Total percentage of conversion rate for search types
Daily percentage of conversion rate for search types

Results

Rise In Queries: We got a more than 5% stable rise in total queries after releasing for all users. Top Queries and user search History had the main parts in this rise.

Reaction To New Products: Now Torob shows reactions about new products by Top Queries. User finds it quickly after opening the app and it encourages them to know more about new products. It has a positive effect on the retention of users and encourages them to come back for knowing about new products.

UX Improvement Of Repeated Search: The number of Product Visits via the history of user searches shows a great improvement in UX of search. It showed that Torob users do a lot of repeated searches which previously was forced to type them every time. 

Last but not least achievement was about marketing. We found Top Queries very helpful for the marketing team. In case 4, I explained more about a co-op between the product and marketing team and its effect on Torob revenue and the experience of users.

 

Case 3. Renovating First Impression Experience

Problems

‌Poor Onboarding: The Offer page was the first thing that users saw after opening the Android app. There was a long list of products promoted by sellers (commercial row) and there were not any clues for users about searching and price comparison which are the main mission of Torob.

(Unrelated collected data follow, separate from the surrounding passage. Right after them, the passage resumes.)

lemma exists_O_fin_near:
  assumes q: "q \<in> Loc P" and \<phi>: "\<phi> \<in> Kspace P"
    and F: "finite F" "F \<subseteq> Rbd P" and \<epsilon>: "\<epsilon> > 0"
  obtains \<psi> where "\<psi> \<in> O_fin P q" "\<And>a. a \<in> F \<Longrightarrow> \<bar>\<psi> a - \<phi> a\<bar> < \<epsilon>"
proof -
  have q_nonneg: "frac_of (1, q) \<in> Rbd_frac_nonneg"
    using frac_of_mem_Rbd_frac_nonneg_iff[OF inverse_Loc_Rbd[OF q]] P_one by simp
  have F_frac: "frac_of ` F \<subseteq> Rbd_frac"
    using F(2) frac_of_Rbd_frac by blast
  obtain \<theta> where \<theta>: "\<theta> \<in> frac.characters" "\<theta> (frac_of (1, q)) > 0"
    and near: "\<And>x. x \<in> frac_of ` F \<Longrightarrow> \<bar>\<theta> x - character_of_K \<phi> x\<bar> < \<epsilon>"
    using frac.exists_character_pos_near[OF q_nonneg inverse_Loc_mult_cancel[OF q]
          character_of_K_in_characters[OF \<phi>] finite_imageI[OF F(1)] F_frac \<epsilon>] by blast
  show ?thesis
  proof (rule that)
    show "K_of_character \<theta> \<in> O_fin P q"
      using K_of_character_in_Kspace[OF \<theta>(1)] \<theta>(2) inverse_Loc_Rbd[OF q]
      unfolding O_fin_def K_of_character_def by simp
    fix a assume a: "a \<in> F"
    then have "a \<in> Rbd P"
      using F(2) by blast
    with near[of "frac_of a"] a show "\<bar>K_of_character \<theta> a - \<phi> a\<bar> < \<epsilon>"
      unfolding K_of_character_def by (simp add: character_of_K_frac_of[OF \<phi>])
  qed
qed

end

definition K_nbhd :: "'a::comm_ring_1 set \<Rightarrow> ('a \<times> 'a \<Rightarrow> real) \<Rightarrow> ('a \<times> 'a) set \<Rightarrow> real \<Rightarrow> ('a \<times> 'a \<Rightarrow> real) set" where
  "K_nbhd P \<phi> F \<epsilon> = {\<psi> \<in> Kspace P. \<forall>a\<in>F. \<bar>\<psi> a - \<phi> a\<bar> < \<epsilon>}"

definition K_interior_point :: "'a::comm_ring_1 set \<Rightarrow> ('a \<times> 'a \<Rightarrow> real) set \<Rightarrow> ('a \<times> 'a \<Rightarrow> real) \<Rightarrow> bool" where
  "K_interior_point P W \<phi> \<longleftrightarrow> (\<exists>F \<epsilon>. finite F \<and> F \<subseteq> Rbd P \<and> \<epsilon> > 0 \<and> K_nbhd P \<phi> F \<epsilon> \<subseteq> W)"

Poor Experience For Window Shopper Persona: Based on our surveys and data from the Offer page, we detect a Persona who likes exploring the app and don't intend to buy a specific product. We called this persona Window Shopper. Torob didn't show new products and trends on the app which had a bad effect on this persona.

Solutions and Tests

1. Hand-Picked Content On First Page: In co-op with the marketing team, we consider different ideas and decided to add some new rows on the Offer page which presented a collection of new and favorite products on the Offer page. We wanted to measure the effect of these hand-picked content on Window Shopper persona behavior. The results were pretty good and it cause a rise in clicks (directly related to revenue) and session time on the Offer page. Therefore we designed a panel for the marketing team to facilitate hand-picking products and collecting deeper data to measure the effect of any row on the Offer page

The new Offer tab design

2. Automatic Generated Content On First Page: As another test, we added some rows to the first page based on the Top Queries which is explained in Case 2. We found in some layouts we got 2 times more clicks in comparison to other rows. The below chart shows daily clicks on every row on the Offer Page and the red line 🌶 shows the effect of Top Queries related rows. So we created some automatic lists of products based on Top Queries and Top Views which could be presented like hand-picked content on the first page.

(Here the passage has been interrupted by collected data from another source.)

lemma norm_series_comb_le:
  assumes a: "a \<in> subprob_seqs"
  shows "norm (series_comb x a) \<le> (\<Sum>n. a n * norm (x n))"
    and "summable (\<lambda>n. a n * norm (x n))"
proof -
  have anorm: "norm (a n *\<^sub>R x n) = a n * norm (x n)" for n
    using subprob_nonneg[OF a, of n] by simp
  show s: "summable (\<lambda>n. a n * norm (x n))"
  proof (rule summable_comparison_test'[OF subprob_summable[OF a], of 0])
    show "norm (a n * norm (x n)) \<le> a n" for n
      using subprob_nonneg[OF a, of n] norm_le_1[of n] by (simp add: mult_left_le)
  qed
  have "norm (series_comb x a) \<le> (\<Sum>n. norm (a n *\<^sub>R x n))"
    unfolding series_comb_def by (rule summable_norm) (simp only: anorm s)
  then show "norm (series_comb x a) \<le> (\<Sum>n. a n * norm (x n))" by (simp only: anorm)
qed

lemma norm_series_comb_le_1:
  assumes a: "a \<in> subprob_seqs"
  shows "norm (series_comb x a) \<le> 1"
proof -
  have "(\<Sum>n. a n * norm (x n)) \<le> suminf a"
    using norm_series_comb_le(2)[OF a] subprob_summable[OF a] subprob_nonneg[OF a] norm_le_1
    by (intro suminf_le) (simp_all add: mult_left_le)
  then show ?thesis using norm_series_comb_le(1)[OF a] subprob_suminf[OF a] by linarith
qed

lemma norm_series_comb_less_1:
  assumes a: "a \<in> subprob_seqs" and less: "\<And>n. norm (x n) < 1"
  shows "norm (series_comb x a) < 1"
proof (cases "\<forall>n. a n = 0")
  case True then show ?thesis unfolding series_comb_def by simp
next
  case False
  note s = norm_series_comb_le(2)[OF a]
  obtain i where "a i \<noteq> 0" using False by blast
  then have "0 < a i - a i * norm (x i)" using subprob_nonneg[OF a, of i] less[of i] by simp
  moreover have "a n * norm (x n) \<le> a n" for n
    using subprob_nonneg[OF a, of n] less[of n] by (simp add: mult_left_le)
  ultimately have "0 < (\<Sum>n. a n - a n * norm (x n))"
    by (intro suminf_pos2[of _ i] summable_diff subprob_summable[OF a] s) auto
  also have "\<dots> = suminf a - (\<Sum>n. a n * norm (x n))"
    by (rule suminf_diff[OF subprob_summable[OF a] s, symmetric])
  finally show ?thesis using norm_series_comb_le(1)[OF a] subprob_suminf[OF a] by linarith
qed

lemma convex_series_comb: "convex (series_comb x ` subprob_seqs)"
  unfolding convex_def
proof (intro ballI allI impI)
  fix y z u v assume "y \<in> series_comb x ` subprob_seqs" "z \<in> series_comb x ` subprob_seqs"
    and uv: "0 \<le> u" "0 \<le> v" "u + v = (1::real)"
  then obtain a b where ab: "a \<in> subprob_seqs" "b \<in> subprob_seqs" "y = series_comb x a" "z = series_comb x b"
    by blast
  then have "u *\<^sub>R y + v *\<^sub>R z = series_comb x (\<lambda>n. u * a n + v * b n)"
    using series_comb_convex[OF ab(1,2)] by simp
  moreover have "(\<lambda>n. u * a n + v * b n) \<in> subprob_seqs" by (rule subprob_seqs_convex[OF ab(1,2) uv])
  ultimately show "u *\<^sub>R y + v *\<^sub>R z \<in> series_comb x ` subprob_seqs" by blast
qed

end

text \<open>The first summand handles vectors outside the closed span, the second (by totality of the g's
  on the closed span) those inside it; on differences of combinations of the x's the first
  summand vanishes and the second depends continuously on the coefficients.\<close>
definition separating_norm :: "(nat \<Rightarrow> 'a::real_normed_vector) \<Rightarrow> (nat \<Rightarrow> 'a \<Rightarrow> real) \<Rightarrow> 'a \<Rightarrow> real" where
  "separating_norm x g w = infdist w (span (range x)) + weighted_seminorm g w"

locale triangular_system = bounded_seq x + unit_functionals g
  for x :: "nat \<Rightarrow> 'a::banach" and g +
  assumes vanish: "\<And>k n. k < n \<Longrightarrow> g k (x n) = 0"
    and total: "\<And>w. w \<in> closure (span (range x)) \<Longrightarrow> (\<And>k. g k w = 0) \<Longrightarrow> w = 0"
begin

lemma separating_norm_le: "separating_norm x g w \<le> 3 * norm w"
  using infdist_subspace_le_norm[OF subspace_span, of w "range x"] weighted_le_norm[of w]
  unfolding separating_norm_def by linarith

sublocale sep: vector_norm "separating_norm x g"
proof
  have T: "subspace (span (range x))" by simp
  show "separating_norm x g (a + b) \<le> separating_norm x g a + separating_norm x g b" for a b
    using infdist_subspace_add[OF T, of a b] weighted_add[of a b]
    unfolding separating_norm_def by linarith
  show "separating_norm x g (c *\<^sub>R a) \<le> \<bar>c\<bar> * separating_norm x g a" for c a
    using infdist_subspace_scale[OF T, of c a] weighted_scale[of c a]
    unfolding separating_norm_def by (simp add: distrib_left)
  show "a = 0" if "separating_norm x g a = 0" for a
  proof (rule total)
    have "infdist a (span (range x)) = 0" "weighted_seminorm g a = 0"
      using that infdist_nonneg[of a "span (range x)"] weighted_nonneg[of a]
      unfolding separating_norm_def by auto
    then show "a \<in> closure (span (range x))" "\<And>k. g k a = 0"
      using in_closure_iff_infdist_zero[of "span (range x)" a] weighted_eq_0 span_zero by blast+
  qed
qed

3. Spotlight On Search: The main experience of Torob was searching but in the first page of app, we just represented it by a small icon. We needed to put a spotlight on search. As explained in case 2, we had a successful experience on redesigning search tab. So we decided to test switching Search tab with Offer tab. We merge the best practices of Search tab with hand-picked content and leave commercial rows on Offer tab.

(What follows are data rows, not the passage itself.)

lemma gL_LC_frame_vec:
  assumes L: "L > 0" and da: "(a has_derivative da) (at y)" and db: "(b has_derivative db) (at y)"
    and dc: "(c has_derivative dc) (at y)" and X: "X y = frame_vec L y x1 x2 x3"
  shows "gL L y (LC L X (\<lambda>z. frame_vec L z (a z) (b z) (c z)) y) (frame_vec L y w1 w2 w3) =
     lc_coeff L x1 x2 x3 (a y) (b y) (c y) (da (X y)) (db (X y)) (dc (X y)) w1 w2 w3"
proof -
  have "dder (\<lambda>z. frame_vec L z (a z) (b z) (c z)) y (X y) =
    frame_vec L y (da (X y)) (db (X y) + X y$3 * c y / sqrt L) (dc (X y) + X y$3 * b y * sqrt L)"
    unfolding dder_def by (simp add: frechet_derivative_at[OF has_derivative_frame_vec[OF L da db dc], symmetric])
  then show ?thesis
    by (simp add: LC_def gL_add_left gL_christoffel[OF L] koszul_def gL_frame_vec[OF L]
        dgL_frame_vec[OF L] X frame_vec_nth lc_coeff_def)
qed

lemma P1_frame_vec:
  "L > 0 \<Longrightarrow> P1 L (\<lambda>z. frame_vec L z (a z) (b z) (c z)) =
    (\<lambda>z. frame_vec L z (a z) (b z) 0)"
  by (simp add: fun_eq_iff P1_def X1_eq_frame_vec[of _ L] X2_eq_frame_vec[of _ L] gL_frame_vec
      scaleR_frame_vec frame_vec_add)

lemma P1perp_frame_vec:
  "L > 0 \<Longrightarrow> P1perp L (\<lambda>z. frame_vec L z (a z) (b z) (c z)) =
    (\<lambda>z. frame_vec L z 0 0 (c z))"
  by (simp add: fun_eq_iff P1perp_def Xt3_eq_frame_vec[of L] gL_frame_vec scaleR_frame_vec)

lemma gL_P1_left:
  "gL L y (P1 L Z y) W = gL L y (Z y) (X1 y) * gL L y (X1 y) W + gL L y (Z y) (X2 y) * gL L y (X2 y) W"
  by (simp add: P1_def gL_add_left gL_scaleR_left)

lemma gL_P1perp_left: "gL L y (P1perp L Z y) W = gL L y (Z y) (Xt3 L y) * gL L y (Xt3 L y) W"
  by (simp add: P1perp_def gL_scaleR_left)

lemma gL_conn1b_frame_vec:
  assumes L: "L > 0" and da: "(a has_derivative da) (at y)" and db: "(b has_derivative db) (at y)"
    and dc: "(c has_derivative dc) (at y)" and X: "X y = frame_vec L y x1 x2 x3"
  shows "gL L y (conn1b beta L X (\<lambda>z. frame_vec L z (a z) (b z) (c z)) y) (frame_vec L y w1 w2 w3) =
     (1 - beta) * lc_coeff L x1 x2 x3 (a y) (b y) (c y) (da (X y)) (db (X y)) (dc (X y)) w1 w2 w3
     + beta * (lc_coeff L x1 x2 x3 (a y) (b y) 0 (da (X y)) (db (X y)) 0 1 0 0 * w1
             + lc_coeff L x1 x2 x3 (a y) (b y) 0 (da (X y)) (db (X y)) 0 0 1 0 * w2)
     + beta * (lc_coeff L x1 x2 x3 0 0 (c y) 0 0 (dc (X y)) 0 0 1 * w3)"
proof -
  have zero: "((\<lambda>z. 0::real) has_derivative (\<lambda>h. 0)) (at y)" by simp
  show ?thesis
    unfolding conn1b_def gL_add_left gL_scaleR_left gL_P1_left gL_P1perp_left P1_frame_vec[OF L]
      P1perp_frame_vec[OF L] X1_eq_frame_vec[of y L] X2_eq_frame_vec[of y L] Xt3_eq_frame_vec[of L y]
    using gL_LC_frame_vec[where X=X and y=y, OF L da db dc X]
      gL_LC_frame_vec[where X=X and y=y and c="\<lambda>z. 0", OF L da db zero X]
      gL_LC_frame_vec[where X=X and y=y and a="\<lambda>z. 0" and b="\<lambda>z. 0", OF L zero zero dc X]
    by (simp add: gL_frame_vec[OF L])
qed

Switching Search with Offer tab. And a bigger space for presenting search.

Results 

1. Increase Of Revenue: The chart below shows clicks on the Buy Button grouped by different sections of the Android app. The Buy Button has a direct relation to revenue. Here you can see the effect of the new design on the Offer page. The number of clicks on the Buy Button on the Offer Page increased 3 times on average. Also, it had a positive effect on search and similar sections. So the new design increased overall clicks and revenue in the Android app.

Rise of clicks of Buy Button on Offer tab

2. Improving The On-Boarding Of New Users: The new version cause a slight rise in retention and session time.

3. A New Playground For Marketing: The new design allowed the marketing team to be more creative in creating the contents of the app. It allowed them to show reactions to trends and new products and presented them in more attractive ways for the Window Shopper persona.